═════ DATASET ENTRIES ═════

(* Let $k\in\{1,\dots,n\}$, let $\nu$ be an $n$-colorless partition with $\nu_1<n$, and let $\mu$ be a partition with $\mu_1<n$ (so $\nu'_n=\mu'_n=0$). Let $\tau\in\mathfrak S_n$ be the permutation determined by $\tau(\overline{\nu'_j-j+k})=j$ for $1\le j\le n$. For $l=2,\dots,n$ let $\nu_{\ge l}$ be the partition conjugate to $(\nu'_l,\nu'_{l+1},\dots,\nu'_n)$. Consider the finite collection of colored partitions consisting, for each $l=2,\dots,n$, of $\mu'_{l-1}-\mu'_l$ copies of $\nu_{\ge l}$, in which the box $(x,y)$ carries color $\overline{k-l+1+x-y}$. For $j\in\{1,\dots,n\}$, let $\sharp(CC_j)$ (resp. $\sharp(CV_j)$) be the total number, over this collection, of concave (resp. convex) corners of color $j$. Then for all $j\in\{1,\dots,n\}$, $$\sharp(CC_j)-\sharp(CV_j)=\mu'_{\tau(j)}-\mu'_{\tau(j-1)}+\mu'_1\delta_{j,k},$$ where $\tau(0)$ means $\tau(n)$.
   Context: Fix $n\ge3$. For an integer $a$, $\overline a\in\{1,\dots,n\}$ denotes its representative mod $n$; colors are read mod $n$ in $\{1,\dots,n\}$. A partition $\nu$ is $n$-colorless if, for every residue $i$ mod $n$, the number of boxes $(x,y)$ ($\nu_x\ge y$) with $x-y\equiv i$ is the same. For such $\nu$ with $\nu_1<n$, the integers $\nu'_j-j+k$ ($1\le j\le n$) are pairwise distinct mod $n$, so $\tau$ is well-defined. Corners of a partition $\gamma$ with conjugate $\gamma'$: - $(x,y)\in\mathbb Z_{\ge1}^2$ is a convex corner if $\gamma'_{y+1}<\gamma'_y=x$; - $(x,y)$ is a concave corner if $\gamma'_y=x-1$ and either $y=1$ or $\gamma'_{y-1}>x-1$. The color of a corner $(x,y)$ is the color assigned to position $(x,y)$ by the rule stated in the claim. *)

theory Defs
  imports Main
begin

text \<open>Partitions are represented as functions p :: nat => nat, where p x is the
  length of row x for x >= 1 (the value at index 0 is irrelevant).\<close>

definition is_partition :: "(nat \<Rightarrow> nat) \<Rightarrow> bool" where
  "is_partition p \<longleftrightarrow> (\<forall>i\<ge>1. p (Suc i) \<le> p i) \<and> (\<exists>N. \<forall>i\<ge>N. p i = 0)"

text \<open>Conjugate partition: column lengths (meaningful for y >= 1).\<close>
definition conj :: "(nat \<Rightarrow> nat) \<Rightarrow> nat \<Rightarrow> nat" where
  "conj p y = card {x. 1 \<le> x \<and> y \<le> p x}"

definition boxes :: "(nat \<Rightarrow> nat) \<Rightarrow> (nat \<times> nat) set" where
  "boxes p = {(x, y). 1 \<le> x \<and> 1 \<le> y \<and> y \<le> p x}"

definition rep :: "nat \<Rightarrow> int \<Rightarrow> int" where
  "rep n a = (a - 1) mod int n + 1"

definition colorless :: "nat \<Rightarrow> (nat \<Rightarrow> nat) \<Rightarrow> bool" where
  "colorless n p \<longleftrightarrow> (\<forall>i j :: int.
     card {(x, y) \<in> boxes p. (int x - int y) mod int n = i mod int n}
   = card {(x, y) \<in> boxes p. (int x - int y) mod int n = j mod int n})"

definition tau :: "nat \<Rightarrow> nat \<Rightarrow> (nat \<Rightarrow> nat) \<Rightarrow> int \<Rightarrow> nat" where
  "tau n k nu c = (THE j. j \<in> {1..n} \<and> rep n (int (conj nu j) - int j + int k) = c)"

definition trunc_part :: "nat \<Rightarrow> (nat \<Rightarrow> nat) \<Rightarrow> nat \<Rightarrow> (nat \<Rightarrow> nat)" where
  "trunc_part n nu l = conj (\<lambda>y. if 1 \<le> y \<and> y \<le> n + 1 - l then conj nu (l + y - 1) else 0)"

definition convex_corners :: "(nat \<Rightarrow> nat) \<Rightarrow> (nat \<times> nat) set" where
  "convex_corners g = {(x, y). 1 \<le> x \<and> 1 \<le> y \<and> conj g (y + 1) < conj g y \<and> conj g y = x}"

definition concave_corners :: "(nat \<Rightarrow> nat) \<Rightarrow> (nat \<times> nat) set" where
  "concave_corners g = {(x, y). 1 \<le> x \<and> 1 \<le> y \<and> int (conj g y) = int x - 1 \<and>
       (y = 1 \<or> int (conj g (y - 1)) > int x - 1)}"

definition corner_color :: "nat \<Rightarrow> nat \<Rightarrow> nat \<Rightarrow> nat \<times> nat \<Rightarrow> int" where
  "corner_color n k l xy = rep n (int k - int l + 1 + int (fst xy) - int (snd xy))"

definition num_CC :: "nat \<Rightarrow> nat \<Rightarrow> (nat \<Rightarrow> nat) \<Rightarrow> (nat \<Rightarrow> nat) \<Rightarrow> int \<Rightarrow> int" where
  "num_CC n k nu mu j = (\<Sum>l = 2..n. (int (conj mu (l - 1)) - int (conj mu l)) *
      int (card {c \<in> concave_corners (trunc_part n nu l). corner_color n k l c = j}))"

definition num_CV :: "nat \<Rightarrow> nat \<Rightarrow> (nat \<Rightarrow> nat) \<Rightarrow> (nat \<Rightarrow> nat) \<Rightarrow> int \<Rightarrow> int" where
  "num_CV n k nu mu j = (\<Sum>l = 2..n. (int (conj mu (l - 1)) - int (conj mu l)) *
      int (card {c \<in> convex_corners (trunc_part n nu l). corner_color n k l c = j}))"

end

theory Submission
  imports Defs
begin

text \<open>
  The columns of \<nu>\<ge>l are \<nu>'(l), ..., \<nu>'(n). Its concave corners sit on top of the columns that
  start a new height and its convex corners on top of the columns (other than the last) where the
  height drops; in both cases the colour is determined by the content \<nu>'(m) - m of the column m of \<nu>.
  When two neighbouring columns have equal height, the concave term of the right one has the colour of
  the convex term of the left one, so counting a concave term for every column m \<in> [l, n] and a convex
  term for every m \<in> [l, n) gives the same difference. Counting the boxes of colours i and i - 1
  column by column shows that colorlessness makes the contents \<nu>'(m) - m, 1 \<le> m \<le> n, pairwise
  distinct mod n, so each of these counts is the indicator of l \<le> \<tau>(-). Weighting by
  \<mu>'(l - 1) - \<mu>'(l) and summing over l telescopes to \<mu>'(1) - \<mu>'(\<tau>(-)), and the extra term
  \<mu>'(1) \<delta>(j, k) appears because \<tau>(j) = n exactly when j = k.
\<close>

section \<open>Partitions and their conjugates\<close>

lemma partition_antimono:
  assumes "is_partition p" "1 \<le> i" "i \<le> j"
  shows "p j \<le> p i"
  using assms(3)
proof (induction j rule: dec_induct)
  case (step m)
  then show ?case using assms(1,2) unfolding is_partition_def by (meson order.trans)
qed simp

═════

▶ **TRY IT**
Print exactly the stretch of lines beginning with the one that holds "using assms(3)" and ending at the last line above.

▶ **TASK RESULT**
  using assms(3)
proof (induction j rule: dec_induct)
  case (step m)
  then show ?case using assms(1,2) unfolding is_partition_def by (meson order.trans)
qed simp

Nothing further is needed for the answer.